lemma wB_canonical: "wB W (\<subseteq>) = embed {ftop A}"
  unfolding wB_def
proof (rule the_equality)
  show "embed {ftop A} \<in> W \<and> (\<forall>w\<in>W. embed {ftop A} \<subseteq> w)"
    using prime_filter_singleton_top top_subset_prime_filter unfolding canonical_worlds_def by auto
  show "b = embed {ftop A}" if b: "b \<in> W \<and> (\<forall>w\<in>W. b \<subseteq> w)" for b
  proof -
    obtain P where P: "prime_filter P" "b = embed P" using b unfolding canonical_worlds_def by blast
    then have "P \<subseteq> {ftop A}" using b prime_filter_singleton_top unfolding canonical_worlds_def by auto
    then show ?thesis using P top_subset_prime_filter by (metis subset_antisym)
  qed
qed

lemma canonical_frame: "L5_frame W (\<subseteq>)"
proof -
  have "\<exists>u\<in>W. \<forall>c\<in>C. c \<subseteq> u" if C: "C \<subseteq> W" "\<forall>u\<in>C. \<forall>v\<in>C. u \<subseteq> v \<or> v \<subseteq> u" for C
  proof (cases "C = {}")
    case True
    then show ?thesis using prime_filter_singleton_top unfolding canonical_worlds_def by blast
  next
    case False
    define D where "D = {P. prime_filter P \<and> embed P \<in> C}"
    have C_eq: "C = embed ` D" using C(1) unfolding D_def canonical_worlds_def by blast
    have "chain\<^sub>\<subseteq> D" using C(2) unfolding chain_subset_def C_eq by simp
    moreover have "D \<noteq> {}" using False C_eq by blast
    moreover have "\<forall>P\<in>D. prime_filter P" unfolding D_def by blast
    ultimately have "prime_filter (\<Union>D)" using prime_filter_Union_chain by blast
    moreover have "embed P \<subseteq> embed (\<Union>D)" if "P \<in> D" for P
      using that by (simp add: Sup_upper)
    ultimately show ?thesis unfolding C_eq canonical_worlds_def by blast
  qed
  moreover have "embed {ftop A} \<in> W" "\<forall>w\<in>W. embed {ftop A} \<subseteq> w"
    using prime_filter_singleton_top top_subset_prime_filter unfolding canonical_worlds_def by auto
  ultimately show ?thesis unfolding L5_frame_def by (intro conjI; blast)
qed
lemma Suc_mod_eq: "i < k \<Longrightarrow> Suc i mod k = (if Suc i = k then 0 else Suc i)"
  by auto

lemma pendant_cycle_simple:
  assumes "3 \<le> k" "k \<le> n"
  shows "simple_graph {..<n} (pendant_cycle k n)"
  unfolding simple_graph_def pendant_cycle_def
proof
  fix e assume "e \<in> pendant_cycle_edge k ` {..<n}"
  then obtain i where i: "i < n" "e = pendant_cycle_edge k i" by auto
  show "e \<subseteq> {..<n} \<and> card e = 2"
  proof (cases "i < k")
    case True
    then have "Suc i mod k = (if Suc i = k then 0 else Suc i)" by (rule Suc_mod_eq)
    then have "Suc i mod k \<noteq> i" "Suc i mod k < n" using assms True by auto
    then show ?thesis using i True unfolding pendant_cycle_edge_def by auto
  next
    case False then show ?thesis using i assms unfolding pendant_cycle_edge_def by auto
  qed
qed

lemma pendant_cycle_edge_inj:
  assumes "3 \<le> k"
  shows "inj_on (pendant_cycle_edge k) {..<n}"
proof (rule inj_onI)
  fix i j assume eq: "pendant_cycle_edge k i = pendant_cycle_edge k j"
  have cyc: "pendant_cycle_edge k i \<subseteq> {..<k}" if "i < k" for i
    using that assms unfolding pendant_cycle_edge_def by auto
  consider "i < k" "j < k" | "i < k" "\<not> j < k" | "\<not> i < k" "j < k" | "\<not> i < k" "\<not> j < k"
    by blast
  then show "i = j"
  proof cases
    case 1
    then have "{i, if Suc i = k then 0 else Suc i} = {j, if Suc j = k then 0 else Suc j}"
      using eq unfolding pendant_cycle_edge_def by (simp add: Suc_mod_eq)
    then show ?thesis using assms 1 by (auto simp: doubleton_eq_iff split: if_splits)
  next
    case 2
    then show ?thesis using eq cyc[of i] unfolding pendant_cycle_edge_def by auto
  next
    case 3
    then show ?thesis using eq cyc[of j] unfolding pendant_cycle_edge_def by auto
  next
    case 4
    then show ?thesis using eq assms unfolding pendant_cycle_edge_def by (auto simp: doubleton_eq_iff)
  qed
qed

ASSIGNMENT:
Using the entries above, extract exactly the span from the line with "u \<subseteq> v" to the line with "C_eq by simp", both lines included; leave out everything else.

OUTPUT:
  have "\<exists>u\<in>W. \<forall>c\<in>C. c \<subseteq> u" if C: "C \<subseteq> W" "\<forall>u\<in>C. \<forall>v\<in>C. u \<subseteq> v \<or> v \<subseteq> u" for C
  proof (cases "C = {}")
    case True
    then show ?thesis using prime_filter_singleton_top unfolding canonical_worlds_def by blast
  next
    case False
    define D where "D = {P. prime_filter P \<and> embed P \<in> C}"
    have C_eq: "C = embed ` D" using C(1) unfolding D_def canonical_worlds_def by blast
    have "chain\<^sub>\<subseteq> D" using C(2) unfolding chain_subset_def C_eq by simp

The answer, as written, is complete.